Besides the experience from practice, previous work in the literature can point to necessary requirements and best practices of developing a new, domain-specific specification language. In this part some general work are summarized. In the first place, a (formal) specification method should satisfy obvious general requirements, e.g. it has to be correct, unambiguous, consistent, verifiable [4].

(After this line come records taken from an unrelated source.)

definition attach_carrier :: "(nat \<times> nat) op \<Rightarrow> ((nat \<times> nat) \<times> nat) op" where
  "attach_carrier rho = (\<lambda>(ab, t) (ab', t'). if t = 0 \<and> t' = 0 then rho ab ab' else 0)"

definition post_select :: "((nat \<times> nat) \<times> nat) op \<Rightarrow> (nat \<times> nat) op" where
  "post_select R = (\<lambda>ab ab'. R (ab, 0) (ab', 0))"

definition protocol_round :: "(nat \<Rightarrow> nat \<Rightarrow> real) \<Rightarrow> (nat \<times> nat) op \<Rightarrow> (nat \<times> nat) op" where
  "protocol_round p rho =
     (let R = conj_by I3 U_CN' (channel_T p (conj_by I3 U_CN (attach_carrier rho)));
          S = post_select R
      in (\<lambda>x y. S x y / trace I2 S))"

definition bell :: "nat \<Rightarrow> nat \<Rightarrow> nat \<times> nat \<Rightarrow> complex" where
  "bell n m = (\<lambda>(j, k). if k = (j + n) mod 3 then omega ^ (m * j) / complex_of_real (sqrt 3) else 0)"

definition proj :: "('i \<Rightarrow> complex) \<Rightarrow> 'i op" where
  "proj v = (\<lambda>x y. v x * cnj (v y))"

definition bell_diag :: "(nat \<Rightarrow> nat \<Rightarrow> real) \<Rightarrow> (nat \<times> nat) op" where
  "bell_diag p = (\<lambda>x y. \<Sum>n\<in>trits. \<Sum>m\<in>trits. complex_of_real (p n m) * proj (bell n m) x y)"

definition fidelity :: "(nat \<times> nat) op \<Rightarrow> complex" where
  "fidelity rho = (\<Sum>x\<in>I2. \<Sum>y\<in>I2. cnj (bell 0 0 x) * rho x y * bell 0 0 y)"

end

theory Submission
  imports Defs
begin

text \<open>The gates of a round and the Kraus operators of the channel are monomial matrices, and
  post-selecting the carrier on 0 keeps exactly the Kraus terms whose shift X^n matches the Bell
  index of the entry. Hence a round acts entrywise: the kept state is the normalised Hadamard
  product of the current state with the initial state sigma, so after N rounds the state is the
  normalised (N+1)-st Hadamard power of sigma. The diagonal of sigma carries each weight P_n / 3,
  P_n = sum_m p_nm, three times, and when p_01 = p_02 = 0 all entries <aa|sigma|a'a'> equal p_00 / 3.
  Therefore F_N = P_0^(N+1) / (P_0^(N+1) + P_1^(N+1) + P_2^(N+1)), which tends to 1 exactly when
  P_0 strictly exceeds P_1 and P_2.\<close>

lemma mem_trits: "n \<in> trits \<longleftrightarrow> n < 3"
  by (auto simp: trits_def)

lemma finite_trits [simp]: "finite trits" and card_trits [simp]: "card trits = 3"
  by (simp_all add: trits_def)

lemma sum_trits: "(\<Sum>n\<in>trits. f n) = f 0 + f 1 + f 2"
  by (simp add: trits_def add.assoc)

lemma mem_I2: "(a, b) \<in> I2 \<longleftrightarrow> a < 3 \<and> b < 3"
  by (auto simp: I2_def mem_trits)

lemma mem_I3: "((a, b), t) \<in> I3 \<longleftrightarrow> a < 3 \<and> b < 3 \<and> t < 3"
  by (auto simp: I3_def mem_trits)

lemma finite_I2 [simp]: "finite I2" and finite_I3 [simp]: "finite I3"
  by (simp_all add: I2_def I3_def)

lemma sum_I2: "(\<Sum>z\<in>I2. f z) = (\<Sum>a\<in>trits. \<Sum>b\<in>trits. f (a, b))"
  unfolding I2_def by (simp add: sum.cartesian_product)

lemma less_3_cases: "(t::nat) < 3 \<longleftrightarrow> t = 0 \<or> t = 1 \<or> t = 2"
  by auto

lemma add_mod_3_eq_iff:
  fixes a s t :: nat
  assumes "a < 3" "s < 3" "t < 3"
  shows "t = (a + s) mod 3 \<longleftrightarrow> s = (t + 3 - a) mod 3"
  using assms unfolding less_3_cases by (elim disjE) simp_all

lemma power_mod_eq_if_power_eq_1:
  fixes z :: "'a::monoid_mult"
  assumes "z ^ n = 1"
  shows "z ^ (k mod n) = z ^ k"
proof -
  have "z ^ k = z ^ (n * (k div n) + k mod n)"
    by simp
  also have "\<dots> = z ^ (k mod n)"
    by (simp only: power_add power_mult assms power_one mult_1)
  finally show ?thesis ..
qed

lemma of_real_sqrt_3_squared [simp]: "complex_of_real (sqrt 3) * complex_of_real (sqrt 3) = 3"
  by (simp flip: of_real_mult)

lemma omega_pow_3: "omega ^ 3 = 1"
  unfolding omega_def Complex.DeMoivre by simp

lemma omega_pow_mult_cnj_pow [simp]: "omega ^ k * cnj omega ^ k = 1"
  by (simp add: omega_def cis_cnj cis_mult Complex.DeMoivre)

lemma omega_phase_shift:
  "omega ^ (m * ((a + n) mod 3)) * cnj omega ^ (m * ((a' + n) mod 3))
    = omega ^ (m * a) * cnj omega ^ (m * a')"
proof -
  have mod_out: "z ^ (m * ((c + n) mod 3)) = z ^ (m * c) * z ^ (m * n)" if "z ^ 3 = 1" for z :: complex and c
    by (metis power_mod_eq_if_power_eq_1[OF that] mod_mult_right_eq distrib_left power_add)
  have "cnj omega ^ 3 = 1"
    by (metis complex_cnj_one complex_cnj_power omega_pow_3)
  then have "omega ^ (m * ((a + n) mod 3)) * cnj omega ^ (m * ((a' + n) mod 3))
      = omega ^ (m * a) * cnj omega ^ (m * a') * (omega ^ (m * n) * cnj omega ^ (m * n))"
    by (simp add: mod_out omega_pow_3 mult_ac)
  then show ?thesis by simp
qed

lemma conj_by_monomial:
  assumes "finite I" and "g ` I \<subseteq> I"
    and U: "\<And>x w. x \<in> I \<Longrightarrow> w \<in> I \<Longrightarrow> U x w = (if w = g x then \<phi> x else 0)"
    and x: "x \<in> I" and y: "y \<in> I"
  shows "conj_by I U R x y = \<phi> x * cnj (\<phi> y) * R (g x) (g y)"
proof -
  have gI: "g x \<in> I" "g y \<in> I"
    using assms(2) x y by auto
  have UR: "mmult I U R x z = \<phi> x * R (g x) z" for z
  proof -
    have "mmult I U R x z = (\<Sum>w\<in>I. if w = g x then \<phi> x * R w z else 0)"
      unfolding mmult_def by (rule sum.cong) (auto simp: U[OF x])
    then show ?thesis
      using assms(1) gI by simp
  qed
  have "conj_by I U R x y = (\<Sum>z\<in>I. if z = g y then \<phi> x * R (g x) z * cnj (\<phi> y) else 0)"
    unfolding conj_by_def mmult_def[of I "mmult I U R"] adj_def UR
    by (rule sum.cong) (auto simp: U[OF y])
  then show ?thesis
    using assms(1) gI by simp
qed

lemma funpow_normalised_hadamard:
  fixes s :: "'i \<Rightarrow> 'i \<Rightarrow> 'a::field"
  assumes f: "\<And>\<rho> x y. x \<in> I \<Longrightarrow> y \<in> I \<Longrightarrow> f \<rho> x y = s x y * \<rho> x y / (\<Sum>z\<in>I. s z z * \<rho> z z)"
    and trace: "(\<Sum>z\<in>I. s z z) = 1"
    and nonzero: "\<And>k. (\<Sum>z\<in>I. s z z ^ Suc k) \<noteq> 0"
    and "x \<in> I" "y \<in> I"
  shows "(f ^^ N) s x y = s x y ^ Suc N / (\<Sum>z\<in>I. s z z ^ Suc N)"
  using \<open>x \<in> I\<close> \<open>y \<in> I\<close>
proof (induction N arbitrary: x y)
  case 0
  then show ?case by (simp add: trace)
next
  case (Suc N)
  let ?T = "\<lambda>k. \<Sum>z\<in>I. s z z ^ Suc k"
  have "(\<Sum>z\<in>I. s z z * (f ^^ N) s z z) = ?T (Suc N) / ?T N"
    by (simp add: Suc.IH sum_divide_distrib)
  then show ?case
    using Suc nonzero[of N] by (simp add: f)
qed

lemma power_share_tendsto_1_iff:
  fixes w :: "'i \<Rightarrow> real"
  assumes S: "finite S" "i \<in> S" and nonneg: "\<And>j. j \<in> S \<Longrightarrow> 0 \<le> w j"
    and pos: "\<exists>j\<in>S. 0 < w j"
  shows "(\<lambda>n. w i ^ n / (\<Sum>j\<in>S. w j ^ n)) \<longlonglongrightarrow> 1 \<longleftrightarrow> (\<forall>j\<in>S - {i}. w j < w i)"
proof
  assume lim: "(\<lambda>n. w i ^ n / (\<Sum>j\<in>S. w j ^ n)) \<longlonglongrightarrow> 1"
  show "\<forall>j\<in>S - {i}. w j < w i"
  proof (rule ccontr)
    assume "\<not> (\<forall>j\<in>S - {i}. w j < w i)"
    then obtain j where j: "j \<in> S" "j \<noteq> i" "w i \<le> w j"
      by (auto simp: not_less)
    have "w i ^ n / (\<Sum>j\<in>S. w j ^ n) \<le> 1 / 2" for n
    proof -
      have "w i ^ n \<le> w j ^ n"
        using j nonneg S by (simp add: power_mono)
      moreover have "w i ^ n + w j ^ n \<le> (\<Sum>j\<in>S. w j ^ n)"
        using sum_mono2[OF S(1), of "{i, j}" "\<lambda>j. w j ^ n"] S j nonneg by simp
      moreover have "0 \<le> w i ^ n"
        using nonneg S by simp
      ultimately show ?thesis
        by (cases "(\<Sum>j\<in>S. w j ^ n) = 0") (auto simp: divide_le_eq)
    qed
    then have "1 \<le> (1 / 2 :: real)"
      using LIMSEQ_le_const2[OF lim] by blast
    then show False by simp
  qed
next
  assume dominant: "\<forall>j\<in>S - {i}. w j < w i"
  obtain j where "j \<in> S" "0 < w j"
    using pos by blast
  then have wi: "0 < w i"
    using dominant by (cases "j = i") (auto intro: less_trans)
  have ratio: "w i ^ n / (\<Sum>j\<in>S. w j ^ n) = 1 / (1 + (\<Sum>j\<in>S - {i}. (w j / w i) ^ n))" for n
  proof -
    have "(\<Sum>j\<in>S. w j ^ n) = w i ^ n * (1 + (\<Sum>j\<in>S - {i}. (w j / w i) ^ n))"
      using wi S by (simp add: sum.remove distrib_left sum_distrib_left power_divide)
    then show ?thesis
      using wi by simp
  qed
  have "(\<lambda>n. \<Sum>j\<in>S - {i}. (w j / w i) ^ n) \<longlonglongrightarrow> 0"
    using dominant nonneg wi by (intro tendsto_null_sum LIMSEQ_power_zero) (auto simp: divide_less_eq)
  then have "(\<lambda>n. 1 / (1 + (\<Sum>j\<in>S - {i}. (w j / w i) ^ n))) \<longlonglongrightarrow> 1 / (1 + 0)"
    by (intro tendsto_intros) simp_all
  then show "(\<lambda>n. w i ^ n / (\<Sum>j\<in>S. w j ^ n)) \<longlonglongrightarrow> 1"
    by (simp add: ratio)
qed

lemma mpow_Zq_entry:
  "t < 3 \<Longrightarrow> s < 3 \<Longrightarrow> mpow trits Zq m t s = (if t = s then omega ^ (m * t) else 0)"
proof (induction m arbitrary: t s)
  case 0
  then show ?case by (simp add: idop_def)
next
  case (Suc m)
  have "mpow trits Zq (Suc m) t s = (\<Sum>z\<in>trits. if z = t then Zq t t * mpow trits Zq m t s else 0)"
    unfolding mpow.simps mmult_def by (rule sum.cong) (auto simp: Zq_def)
  then show ?case
    using Suc by (simp add: mem_trits Zq_def power_add)
qed

lemma mpow_Xq_entry:
  "t < 3 \<Longrightarrow> s < 3 \<Longrightarrow> mpow trits Xq n t s = (if t = (n + s) mod 3 then 1 else 0)"
proof (induction n arbitrary: t s)
  case 0
  then show ?case by (simp add: idop_def)
next
  case (Suc n)
  have "mpow trits Xq (Suc n) t s = (\<Sum>z\<in>trits. if z = (n + s) mod 3 then Xq t z else 0)"
    unfolding mpow.simps mmult_def by (rule sum.cong) (auto simp: Suc mem_trits)
  then show ?case
    by (simp add: mem_trits Xq_def mod_Suc_eq)
qed

lemma pauli_op_entry:
  assumes "n < 3" "t < 3" "s < 3"
  shows "pauli_op n m t s = (if s = (t + 3 - n) mod 3 then omega ^ (m * t) else 0)"
proof -
  have "pauli_op n m t s = (\<Sum>z\<in>trits. if z = t then omega ^ (m * t) * mpow trits Xq n t s else 0)"
    unfolding pauli_op_def mmult_def
    by (rule sum.cong) (auto simp: mpow_Zq_entry mem_trits assms)
  then show ?thesis
    using assms by (simp add: mem_trits mpow_Xq_entry add_mod_3_eq_iff)
qed

lemma conj_U_CN_entry:
  assumes "((a, b), t) \<in> I3" "((a', b'), t') \<in> I3"
  shows "conj_by I3 U_CN R ((a, b), t) ((a', b'), t')
    = R ((a, b), (t + 3 - a) mod 3) ((a', b'), (t' + 3 - a') mod 3)"
proof -
  let ?g = "\<lambda>((a, b), t). ((a, b), (t + 3 - a) mod 3)"
  have "U_CN x w = (if w = ?g x then 1 else 0)" if "x \<in> I3" "w \<in> I3" for x w
    using that by (cases x, cases w) (auto simp: U_CN_def mem_I3 add_mod_3_eq_iff split: if_splits)
  moreover have "?g ` I3 \<subseteq> I3"
    by (auto simp: mem_I3 split: prod.splits)
  ultimately show ?thesis
    using conj_by_monomial[of I3 ?g U_CN "\<lambda>_. 1"] assms by simp
qed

In 2000, van Lamsweerde published a survey [5] on existing formal specification methods and a roadmap for the future. The conclusion of the paper is that "formal specification techniques suffer a number of weaknesses". Such weaknesses are e.g. the (1) limited scope (i.e. the specification can only capture a part of the system), (2) poor separation of concerns (i.e. the intended properties, the environmental assumptions and the properties of the application domain overlap), (3) too low-level ontologies, (4) high cost, and (5) poor tool support. The author states that future formal specification methods should be *lightweight* (i.e. not requiring deep formal methods expertise), at least partially domain-specific, structured, multiparadigm and multiformat (i.e. integrating multiple languages and letting the specifier use the best for the current needs, thus for each subsystem the most appropriate language shall be chosen, or different languages might be necessary for specifying functional and extra-functional requirements).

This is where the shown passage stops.